The above description covers the basic functions and connections of the three modules; in practice, they can achieve more flexible connections and richer behaviors, as detailed in the technical manual. One particularly interesting feature is that the current learning modules can store learned models and use them to predict future observations. When these models are integrated to predict current observations, the prediction error can serve as input to update the model. This use of feedback signals is similar to patterns found in reinforcement learning, which is also reflected in the TBP.

However, the manual notes that real-time updates in the TBP predictions are not yet achievable. The future introduction of a time dimension to realize this functionality will greatly benefit object behavior encoding and motion strategy planning. For instance, this functionality could be applied to observing the continuous process of pressing a stapler or roughly simulating the physical properties of common materials. 

 

4. Why the "Thousand Brains Project"?

Returning to the initial inquiry: in an era where both artificial intelligence and brain-machine interfaces lead technological advancements, why has the Gates Foundation decided to provide $2.96 million in funding to the "Thousand Brains Project" over the next two years? Rather than assessing the judgment of the Gates Foundation's advisory team, I would like to offer my personal views on the significance and feasibility of the "Thousand Brains Project" as a conclusion to its introduction.

The "Thousand Brains Project" is a research initiative aimed at developing the next generation of artificial intelligence systems through biomimicry and neuroscience theories. On the one hand, by mimicking the functioning of the cerebral cortex, the project aims to develop intelligent systems capable of perception, learning, and executing actions. This has profound practical significance in fields such as healthcare and public health. These technologies can not only improve the quality of life and societal health standards but also effectively address various challenges and public health crises that future societies may face. Supporting the development and application of such technologies aligns with the expectation of a more intelligent and human-centered society.

Additionally, the "Thousand Brains Project" has far-reaching implications for the future of artificial intelligence and computer technology. Current deep neural networks typically require vast labeled datasets for training and struggle with real-time adaptability to dynamic environments.
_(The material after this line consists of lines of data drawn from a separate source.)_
lemma card_transition_nbrs_le_2:
  assumes x: "x \<in> Vn n"
  shows "card (transition_nbrs n 4 K x) \<le> 2"
proof (rule ccontr)
  assume "\<not> ?thesis"
  then obtain Y where Y: "Y \<subseteq> transition_nbrs n 4 K x" "card Y = 3"
    by (metis obtain_subset_with_card_n not_le Suc_leI numeral_3_eq_3 numeral_2_eq_2)
  then obtain y1 y2 y3 where y: "Y = {y1, y2, y3}" "distinct [y1, y2, y3]"
    by (auto simp: card_3_iff)
  have tr: "(x, y) \<in> T" if "y \<in> Y" for y
    using that Y(1) by (auto simp: transition_nbrs_def)
  have e: "(x, y) \<in> edges n" if "y \<in> Y" for y
    using tr[OF that] by (simp add: transition_edges_def)
  have "distinct [K x, K y1, K y2, K y3]"
    using y color_neq_if_edge[OF e] transition_edgeD1[OF tr e] by auto
  moreover obtain p where p: "p \<in> gens n" "p \<notin> vadd x ` Y"
  proof (rule exists_gens_notin)
    show "finite (vadd x ` Y)"
      using y(1) by simp
    show "card (vadd x ` Y) \<le> n"
      using card_image_le[of Y "vadd x"] y(1) Y(2) three_le_n by simp
  qed
  moreover have "K (vadd x p) \<noteq> K y" if "y \<in> Y" for y
  proof -
    have "vadd x p \<noteq> y"
      using p(2) that by force
    then show ?thesis
      using transition_edgeD1[OF tr[OF that] edge_vadd[OF x p(1)]] by simp
  qed
  moreover have "K y < 4" if "y \<in> Y" for y
    using e[OF that] two_le_n by (simp add: edges_iff color_less_4)
  ultimately show False
    using four_values_cover[of "K x" "K y1" "K y2" "K y3" "K (vadd x p)"] y(1)
      color_less_4[OF x] color_less_4[OF vadd_gens_Vn[OF x p(1)]]
      color_neq_if_edge[OF edge_vadd[OF x p(1)]] by auto
qed

definition two_transitions :: "nat set \<Rightarrow> nat set \<Rightarrow> nat set \<Rightarrow> bool" where
  "two_transitions x s t \<longleftrightarrow> x \<in> Vn n \<and> s \<in> gens n \<and> t \<in> gens n \<and> s \<noteq> t \<and>
     (x, vadd x s) \<in> T \<and> (x, vadd x t) \<in> T"

lemma two_transitions_commute: "two_transitions x s t \<Longrightarrow> two_transitions x t s"
  by (auto simp: two_transitions_def)

context
  fixes x s t
  assumes two: "two_transitions x s t"
begin

lemma two_transitionsD:
  "x \<in> Vn n" "s \<in> gens n" "t \<in> gens n" "s \<noteq> t" "(x, vadd x s) \<in> T" "(x, vadd x t) \<in> T"
  using two by (simp_all add: two_transitions_def)

lemma colors_around_distinct:
  assumes p: "p \<in> gens n" "p \<notin> {s, t}"
  shows "distinct [K x, K (vadd x s), K (vadd x t), K (vadd x p)]"
proof -
  note x = two_transitionsD(1) and st = two_transitionsD(2-4) and tr = two_transitionsD(5,6)
  have "K x \<noteq> K (vadd x u)" if "u \<in> gens n" for u
    using color_neq_if_edge[OF edge_vadd[OF x that]] .
  moreover have "K (vadd x t) \<noteq> K (vadd x s)" "K (vadd x p) \<noteq> K (vadd x s)"
    using transition_edgeD1[OF tr(1) edge_vadd[OF x]] st p by auto
  moreover have "K (vadd x p) \<noteq> K (vadd x t)"
    using transition_edgeD1[OF tr(2) edge_vadd[OF x p(1)]] p by auto
  ultimately show ?thesis
    using st p by auto
qed

lemma colors_around_cover:
  assumes "p \<in> gens n" "p \<notin> {s, t}" "w \<in> Vn n"
  shows "K w \<in> {K x, K (vadd x s), K (vadd x t), K (vadd x p)}"
  using four_values_cover[OF colors_around_distinct[OF assms(1,2)]] assms color_less_4
    two_transitionsD(1-3) vadd_gens_Vn by simp

lemma other_colors_eq:
  assumes "p \<in> gens n" "p \<notin> {s, t}" "q \<in> gens n" "q \<notin> {s, t}"
  shows "K (vadd x q) = K (vadd x p)"
  using colors_around_cover[OF assms(1,2) vadd_gens_Vn[OF two_transitionsD(1) assms(3)]]
    colors_around_distinct[OF assms(3,4)] by auto

lemma color_after_transition:
  assumes p: "p \<in> gens n" "p \<notin> {s, t}"
  shows "K (vadd (vadd x s) p) = K (vadd x t)"
proof -
  note x = two_transitionsD(1) and st = two_transitionsD(2-4) and tr = two_transitionsD(5,6)
  define w where "w = vadd (vadd x s) p"
  have xs: "vadd x s \<in> Vn n" and w: "w \<in> Vn n"
    using x st p by (simp_all add: w_def vadd_gens_Vn)
  have "K w \<noteq> K x"
    using transition_edgeD2[OF tr(1) edge_vadd[OF xs p(1)]] p by (auto simp: w_def vadd_assoc)
  moreover have "K w \<noteq> K (vadd x s)"
    using color_neq_if_edge[OF edge_vadd[OF xs p(1)]] by (simp add: w_def)
  moreover have "K w \<noteq> K (vadd x p)"
    using color_neq_if_edge[OF edge_vadd[OF vadd_gens_Vn[OF x p(1)] st(1)]]
    by (simp add: w_def vadd_right_commute[of x s])
  ultimately show ?thesis
    using colors_around_cover[OF p w] unfolding w_def by auto
qed
definition logits :: "nat \<Rightarrow> (nat \<Rightarrow> nat \<Rightarrow> real) \<Rightarrow> (nat \<Rightarrow> real) \<Rightarrow> nat \<Rightarrow> real" where
  "logits d W h j = (\<Sum>r<d. W j r * h r)"

definition L0 :: "nat \<Rightarrow> nat \<Rightarrow> nat \<Rightarrow> (nat \<Rightarrow> nat \<Rightarrow> real) \<Rightarrow> (nat \<Rightarrow> nat \<Rightarrow> real) \<Rightarrow> real \<Rightarrow> real" where
  "L0 d K n W H tau =
     tau * ln (\<Sum>i<n. \<Sum>k<K. L_CE K (logits d W (hcol n H k i)) k tau)"

definition argmin_L0 :: "nat \<Rightarrow> nat \<Rightarrow> nat \<Rightarrow> real \<Rightarrow> ((nat \<Rightarrow> nat \<Rightarrow> real) \<times> (nat \<Rightarrow> nat \<Rightarrow> real)) set" where
  "argmin_L0 d K n tau =
     {(W, H). W \<in> OB d K \<and> H \<in> OB d (n * K) \<and>
        (\<forall>W' H'. W' \<in> OB d K \<longrightarrow> H' \<in> OB d (n * K) \<longrightarrow>
           L0 d K n W H tau \<le> L0 d K n W' H' tau)}"

definition WH_minus :: "nat \<Rightarrow> nat \<Rightarrow> nat \<Rightarrow> ((nat \<Rightarrow> nat \<Rightarrow> real) \<times> (nat \<Rightarrow> nat \<Rightarrow> real)) set" where
  "WH_minus d K n =
     {(W, H). W \<in> OB d K \<and> H \<in> OB d (n * K) \<and>
        (\<forall>i<n. \<forall>k<K. \<forall>k'<K. k' \<noteq> k \<longrightarrow>
           (\<Sum>r<d. (W k' r - W k r) * hcol n H k i r) \<le> 0)}"

end

theory Submission
  imports Defs
begin

text \<open>If a minimiser had a positive margin (w_k' - w_k)^T h_{k,i}, the cross-entropy of that
  single sample would already be at least ln (1 + exp (margin / tau)), while minimality bounds the
  total cross-entropy (the monotone quantity inside L0) by that of any competitor. For d >= 2 this
  lower bound exceeds ln 2, whereas the competitor placing the w_k at the vertices of a regular
  K-gon and every h_{k,i} at w_k has total cross-entropy O(tau). For d = 1 all entries are +-1, so
  a positive margin equals 2 and the lower bound exceeds 2 / tau, whereas the competitor with all
  columns equal has the constant total n K ln K.\<close>

lemma less_ln_one_plus_exp: "(x::real) < ln (1 + exp x)"
proof -
  have "x = ln (exp x)" by simp
  also have "\<dots> < ln (1 + exp x)"
    by (rule ln_less_cancel_iff[THEN iffD2]) (auto intro: add_pos_pos)
  finally show ?thesis .
qed

lemma exp_neg_le_inverse:
  fixes x :: real
  assumes "0 < x"
  shows "exp (- x) \<le> 1 / x"
proof -
  have "x \<le> exp x" using exp_ge_add_one_self[of x] by linarith
  then show ?thesis using assms by (simp add: exp_minus field_simps)
qed

lemma L_CE_eq_ln_sum_exp:
  assumes "k < K"
  shows "L_CE K z k tau = ln (\<Sum>j<K. exp ((z j - z k) / tau))"
proof -
  have "0 < (\<Sum>j<K. exp (z j / tau))" using assms by (intro sum_pos) auto
  moreover have "(\<Sum>j<K. exp ((z j - z k) / tau)) = (\<Sum>j<K. exp (z j / tau)) / exp (z k / tau)"
    by (simp add: diff_divide_distrib exp_diff sum_divide_distrib)
  ultimately show ?thesis by (simp add: L_CE_def ln_div)
qed

lemma ln_one_plus_exp_le_L_CE:
  assumes "k < K" "j < K" "j \<noteq> k"
  shows "ln (1 + exp ((z j - z k) / tau)) \<le> L_CE K z k tau"
proof -
  have "1 + exp ((z j - z k) / tau) = (\<Sum>x\<in>{j, k}. exp ((z x - z k) / tau))"
    using assms by simp
  also have "\<dots> \<le> (\<Sum>x<K. exp ((z x - z k) / tau))"
    by (rule sum_mono2) (use assms in auto)
  finally show ?thesis
    unfolding L_CE_eq_ln_sum_exp[OF assms(1)] by (intro ln_mono) (auto intro: add_pos_pos)
qed

lemma L_CE_pos:
  assumes "k < K" "2 \<le> K"
  shows "0 < L_CE K z k tau"
proof -
  define j where "j = (if k = 0 then 1 else 0 :: nat)"
  have "j < K" "j \<noteq> k" using assms by (auto simp: j_def)
  have "0 < ln (1 + exp ((z j - z k) / tau))" by (intro ln_gt_zero) (simp add: add_pos_pos)
  also have "\<dots> \<le> L_CE K z k tau" using ln_one_plus_exp_le_L_CE assms \<open>j < K\<close> \<open>j \<noteq> k\<close> by blast
  finally show ?thesis .
qed

lemma L_CE_le_of_logit_gap:
  assumes "k < K" "0 < tau" "0 < delta"
    and gap: "\<And>j. j < K \<Longrightarrow> j \<noteq> k \<Longrightarrow> z j - z k \<le> - delta"
  shows "L_CE K z k tau \<le> real K * tau / delta"
proof -
  have term_le: "exp ((z j - z k) / tau) \<le> tau / delta" if "j < K" "j \<noteq> k" for j
  proof -
    have "(z j - z k) / tau \<le> - delta / tau"
      using gap[OF that] assms(2) by (intro divide_right_mono) auto
    then have "exp ((z j - z k) / tau) \<le> exp (- (delta / tau))" by simp
    also have "\<dots> \<le> tau / delta" using exp_neg_le_inverse[of "delta / tau"] assms by simp
    finally show ?thesis .
  qed
  have "(\<Sum>j<K. exp ((z j - z k) / tau)) = 1 + (\<Sum>j\<in>{..<K} - {k}. exp ((z j - z k) / tau))"
    using assms(1) by (simp add: sum.remove[of _ k])
  also have "\<dots> \<le> 1 + real (card ({..<K} - {k})) * (tau / delta)"
    using term_le sum_bounded_above[of "{..<K} - {k}" _ "tau / delta"] by simp
  also have "\<dots> \<le> 1 + real K * (tau / delta)"
    using assms by (intro add_left_mono mult_right_mono) auto
  finally have "L_CE K z k tau \<le> ln (1 + real K * (tau / delta))"
    unfolding L_CE_eq_ln_sum_exp[OF assms(1)] using assms(1) by (intro ln_mono sum_pos) auto
  also have "\<dots> \<le> real K * (tau / delta)" using assms by (intro ln_add_one_self_le_self) auto
  finally show ?thesis by simp
qed

definition total_CE ::
    "nat \<Rightarrow> nat \<Rightarrow> nat \<Rightarrow> (nat \<Rightarrow> nat \<Rightarrow> real) \<Rightarrow> (nat \<Rightarrow> nat \<Rightarrow> real) \<Rightarrow> real \<Rightarrow> real" where
  "total_CE d K n W H tau = (\<Sum>i<n. \<Sum>k<K. L_CE K (logits d W (hcol n H k i)) k tau)"

lemma L_CE_le_total_CE:
  assumes "2 \<le> K" "i < n" "k < K"
  shows "L_CE K (logits d W (hcol n H k i)) k tau \<le> total_CE d K n W H tau"
proof -
  have nonneg: "0 \<le> L_CE K (logits d W (hcol n H k' i')) k' tau" if "k' < K" for k' i'
    by (rule less_imp_le, rule L_CE_pos[OF that assms(1)])
  have "L_CE K (logits d W (hcol n H k i)) k tau \<le> (\<Sum>k<K. L_CE K (logits d W (hcol n H k i)) k tau)"
    by (rule member_le_sum) (use assms nonneg in auto)
  also have "\<dots> \<le> total_CE d K n W H tau"
    unfolding total_CE_def by (rule member_le_sum) (use assms nonneg in \<open>auto intro: sum_nonneg\<close>)
  finally show ?thesis .
qed

lemma total_CE_pos:
  assumes "2 \<le> K" "0 < n"
  shows "0 < total_CE d K n W H tau"
  unfolding total_CE_def using assms
  by (intro sum_pos) (auto intro!: sum_pos L_CE_pos simp: lessThan_empty_iff)

lemma argmin_L0_total_CE_le:
  assumes "(W, H) \<in> argmin_L0 d K n tau" "W' \<in> OB d K" "H' \<in> OB d (n * K)"
    and "2 \<le> K" "0 < n" "0 < tau"
  shows "total_CE d K n W H tau \<le> total_CE d K n W' H' tau"
proof -
  have "tau * ln (total_CE d K n W H tau) \<le> tau * ln (total_CE d K n W' H' tau)"
    using assms(1-3) unfolding argmin_L0_def L0_def total_CE_def by auto
  then show ?thesis using assms(6) total_CE_pos[OF assms(4,5)] by simp
qed

definition margin ::
    "nat \<Rightarrow> nat \<Rightarrow> (nat \<Rightarrow> nat \<Rightarrow> real) \<Rightarrow> (nat \<Rightarrow> nat \<Rightarrow> real) \<Rightarrow> nat \<Rightarrow> nat \<Rightarrow> nat \<Rightarrow> real" where
  "margin d n W H k i k' = (\<Sum>r<d. (W k' r - W k r) * hcol n H k i r)"

lemma margin_eq_logits_diff:
  "margin d n W H k i k' = logits d W (hcol n H k i) k' - logits d W (hcol n H k i) k"
  by (simp add: margin_def logits_def sum_subtractf[symmetric] left_diff_distrib)

lemma argmin_L0_margin_bound:
  assumes "(W, H) \<in> argmin_L0 d K n tau" "W' \<in> OB d K" "H' \<in> OB d (n * K)"
    and "2 \<le> K" "0 < n" "0 < tau" "i < n" "k < K" "k' < K" "k' \<noteq> k"
  shows "ln (1 + exp (margin d n W H k i k' / tau)) \<le> total_CE d K n W' H' tau"
proof -
  have "ln (1 + exp (margin d n W H k i k' / tau)) \<le> L_CE K (logits d W (hcol n H k i)) k tau"
    unfolding margin_eq_logits_diff using ln_one_plus_exp_le_L_CE assms(8-10) by blast
  also have "\<dots> \<le> total_CE d K n W H tau" using L_CE_le_total_CE assms(4,7,8) by blast
  also have "\<dots> \<le> total_CE d K n W' H' tau" using argmin_L0_total_CE_le assms(1-6) by blast
  finally show ?thesis .
qed

lemma argmin_L0_subset_WH_minus:
  assumes "W' \<in> OB d K" "H' \<in> OB d (n * K)" "2 \<le> K" "0 < n" "0 < tau"
    and small: "\<And>W H k i k'. W \<in> OB d K \<Longrightarrow> H \<in> OB d (n * K) \<Longrightarrow> i < n \<Longrightarrow> k < K \<Longrightarrow>
      k' < K \<Longrightarrow> 0 < margin d n W H k i k' \<Longrightarrow>
      total_CE d K n W' H' tau < ln (1 + exp (margin d n W H k i k' / tau))"
  shows "argmin_L0 d K n tau \<subseteq> WH_minus d K n"
proof (rule subsetI, rule ccontr)
  fix p assume p: "p \<in> argmin_L0 d K n tau" "p \<notin> WH_minus d K n"
  then obtain W H where WH: "p = (W, H)" "W \<in> OB d K" "H \<in> OB d (n * K)"
    by (auto simp: argmin_L0_def)
  then obtain i k k' where "i < n" "k < K" "k' < K" "k' \<noteq> k" "0 < margin d n W H k i k'"
    using p(2) by (auto simp: WH_minus_def margin_def not_le)
  then show False
    using argmin_L0_margin_bound[OF p(1)[unfolded WH(1)] assms(1-5)] small[OF WH(2,3)] by fastforce
qed

lemma sample_index_less:
  fixes k K i n :: nat
  assumes "k < K" "i < n"
  shows "k * n + i < n * K"
proof -
  have "k * n + i < Suc k * n" using assms by simp
  also have "\<dots> \<le> K * n" using assms by (intro mult_right_mono) auto
  finally show ?thesis by (simp add: mult.commute)
qed

definition collapsed :: "nat \<Rightarrow> nat \<Rightarrow> nat \<Rightarrow> real" where
  "collapsed m c r = (if c < m \<and> r = 0 then 1 else 0)"

lemma collapsed_OB: "0 < d \<Longrightarrow> collapsed m \<in> OB d m"
  unfolding OB_def collapsed_def by (auto simp: if_distrib[of "\<lambda>x. x ^ 2"] cong: if_cong)

lemma total_CE_collapsed:
  assumes "0 < d"
  shows "total_CE d K n (collapsed K) (collapsed (n * K)) tau = real n * (real K * ln (real K))"
proof -
  have "L_CE K (logits d (collapsed K) (hcol n (collapsed (n * K)) k i)) k tau = ln (real K)"
    if "k < K" "i < n" for k i
    using that sample_index_less[OF that] assms
    by (simp add: L_CE_eq_ln_sum_exp logits_def hcol_def collapsed_def)
  then show ?thesis unfolding total_CE_def by simp
qed

lemma OB_dim1_entry: "M \<in> OB 1 m \<Longrightarrow> c < m \<Longrightarrow> M c 0 = 1 \<or> M c 0 = -1"
  by (auto simp: OB_def power2_eq_1_iff)

lemma margin_dim1_pos_eq_2:
  assumes "W \<in> OB 1 K" "H \<in> OB 1 (n * K)" "i < n" "k < K" "k' < K"
    and "0 < margin 1 n W H k i k'"
  shows "margin 1 n W H k i k' = 2"
  using assms OB_dim1_entry[OF assms(1) assms(4)] OB_dim1_entry[OF assms(1) assms(5)]
    OB_dim1_entry[OF assms(2) sample_index_less[OF assms(4,3)]]
  by (auto simp: margin_def hcol_def)

definition repeat_columns :: "nat \<Rightarrow> nat \<Rightarrow> (nat \<Rightarrow> nat \<Rightarrow> real) \<Rightarrow> nat \<Rightarrow> nat \<Rightarrow> real" where
  "repeat_columns n K W c r = (if c < n * K then W (c div n) r else 0)"

lemma repeat_columns_OB: "W \<in> OB d K \<Longrightarrow> repeat_columns n K W \<in> OB d (n * K)"
  by (auto simp: OB_def repeat_columns_def less_mult_imp_div_less mult.commute)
In contrast, the "Thousand Brains Project" aims to introduce hierarchical and parallel processing capabilities into AI systems through biomimetic methods, enabling more flexible, intelligent, and adaptive machine intelligence. The debate over whether to incorporate principles from the biological brain into artificial intelligence has been ongoing and remains complex. Regardless of the path chosen, the key challenge lies in effective implementation.
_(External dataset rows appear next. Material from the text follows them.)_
(* Let $a,b,c,k,m>0$ and consider the system $$\frac{dx}{dt}=bx(1-x-cy),\qquad \frac{dy}{dt}=y\Big(\frac{1}{1+kx}-y-ax-mxy\Big).$$ Let $k^*=\frac{1}{a}-1$. If $0<k<k^*$ and $0<c<1$, then the system is permanent: there exist constants $0<\mu\le M$, independent of the solution, such that every solution with $x(0)>0$, $y(0)>0$ satisfies $$\mu\le\liminf_{t\to+\infty}x(t)\le\limsup_{t\to+\infty}x(t)\le M,\qquad \mu\le\liminf_{t\to+\infty}y(t)\le\limsup_{t\to+\infty}y(t)\le M.$$
   Context: All parameters $a,b,c,k,m$ are positive constants. *)

theory Defs
  imports "HOL-Analysis.Analysis" "HOL-Library.Extended_Real" "HOL-Library.Liminf_Limsup"
begin

definition is_solution :: "real \<Rightarrow> real \<Rightarrow> real \<Rightarrow> real \<Rightarrow> real \<Rightarrow>
    (real \<Rightarrow> real) \<Rightarrow> (real \<Rightarrow> real) \<Rightarrow> bool" where
  "is_solution a b c k m x y \<longleftrightarrow>
     (\<forall>t\<ge>0. (x has_real_derivative (b * x t * (1 - x t - c * y t))) (at t within {0..}) \<and>
            (y has_real_derivative (y t * (1 / (1 + k * x t) - y t - a * x t - m * x t * y t)))
               (at t within {0..}))"

end

theory Submission
  imports Defs
begin

(*
  Solutions starting in the open quadrant stay there, because each equation has the form
  z' = z h with h continuous.  The logistic self-limitation then bounds both components:
  whenever x > U > 1 (resp. y > U > 1) the derivative is below a negative constant, so
  eventually x, y <= U.  Once y <= Y with c Y < 1, the per-capita growth rate of x is
  bounded below by a positive constant while x is small, hence x is eventually bounded away
  from 0.  Symmetrically, once x <= X with a X < 1 / (1 + k X), y is eventually bounded away
  from 0; such an X > 1 exists by continuity precisely because a (1 + k) < 1, i.e. k < k*.
  Each "eventually above a level" claim comes from a positive lower bound on the derivative
  (of ln z, for the lower bounds) below that level.
*)

lemma ge_level_forward_invariant:
  fixes z z' :: "real \<Rightarrow> real"
  assumes cont: "continuous_on {T..} z"
    and deriv: "\<And>t. T < t \<Longrightarrow> (z has_real_derivative z' t) (at t)"
    and up: "\<And>t. T < t \<Longrightarrow> z t < L \<Longrightarrow> 0 < z' t"
    and "T \<le> t0" "t0 \<le> t1" "L \<le> z t0"
  shows "L \<le> z t1"
proof (rule ccontr)
  assume below: "\<not> L \<le> z t1"
  define S where "S = {t0..t1} \<inter> z -` {L..}"
  have "closed S"
    unfolding S_def using assms(4)
    by (intro continuous_closed_preimage continuous_on_subset[OF cont]) auto
  moreover have "t0 \<in> S" "bdd_above S"
    using assms(5,6) unfolding S_def by auto
  ultimately have "Sup S \<in> S"
    using closed_contains_Sup by blast
  define s where "s = Sup S"
  have s: "t0 \<le> s" "s \<le> t1" "L \<le> z s"
    using \<open>Sup S \<in> S\<close> unfolding S_def s_def by auto
  with below have "s < t1"
    by (metis order.order_iff_strict)
  have after: "z u < L" if "s < u" "u \<le> t1" for u
  proof (rule ccontr)
    assume "\<not> z u < L"
    then have "u \<in> S"
      using that s unfolding S_def by auto
    then have "u \<le> s"
      unfolding s_def using \<open>bdd_above S\<close> by (rule cSup_upper)
    with \<open>s < u\<close> show False
      by simp
  qed
  have "z s < z t1"
  proof (rule DERIV_pos_imp_increasing_open[where f = z, OF \<open>s < t1\<close>])
    fix u assume "s < u" "u < t1"
    then have "T < u"
      using s assms(4) by simp
    then show "\<exists>d. (z has_real_derivative d) (at u) \<and> 0 < d"
      using deriv up after \<open>s < u\<close> \<open>u < t1\<close> by fastforce
  next
    show "continuous_on {s..t1} z"
      using s assms(4) by (auto intro: continuous_on_subset[OF cont])
  qed
  with s below show False
    by linarith
qed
In terms of technical execution, the "Thousand Brains Project" aims to create software-based cortical columns that can achieve complex perception and action processes, such as vision and hearing, by connecting multiple units. This cross-modal integration will allow the system to process information from different sensory channels simultaneously, leading to a deeper understanding and interaction with the world.

This concept, while ambitious, is grounded in decades of dedication and persistence by Jeff Hawkins. Following the official launch, Numenta promptly launched a progress page for the "Thousand Brains Project," promising continuous updates on its developments. The launch marks the beginning of its journey into practical application rather than the end of the Thousand Brains Theory. Much uncertainty remains about its future development, and predicting its success or failure is impossible. However, it is precisely this uncertainty that makes scientific research so exciting.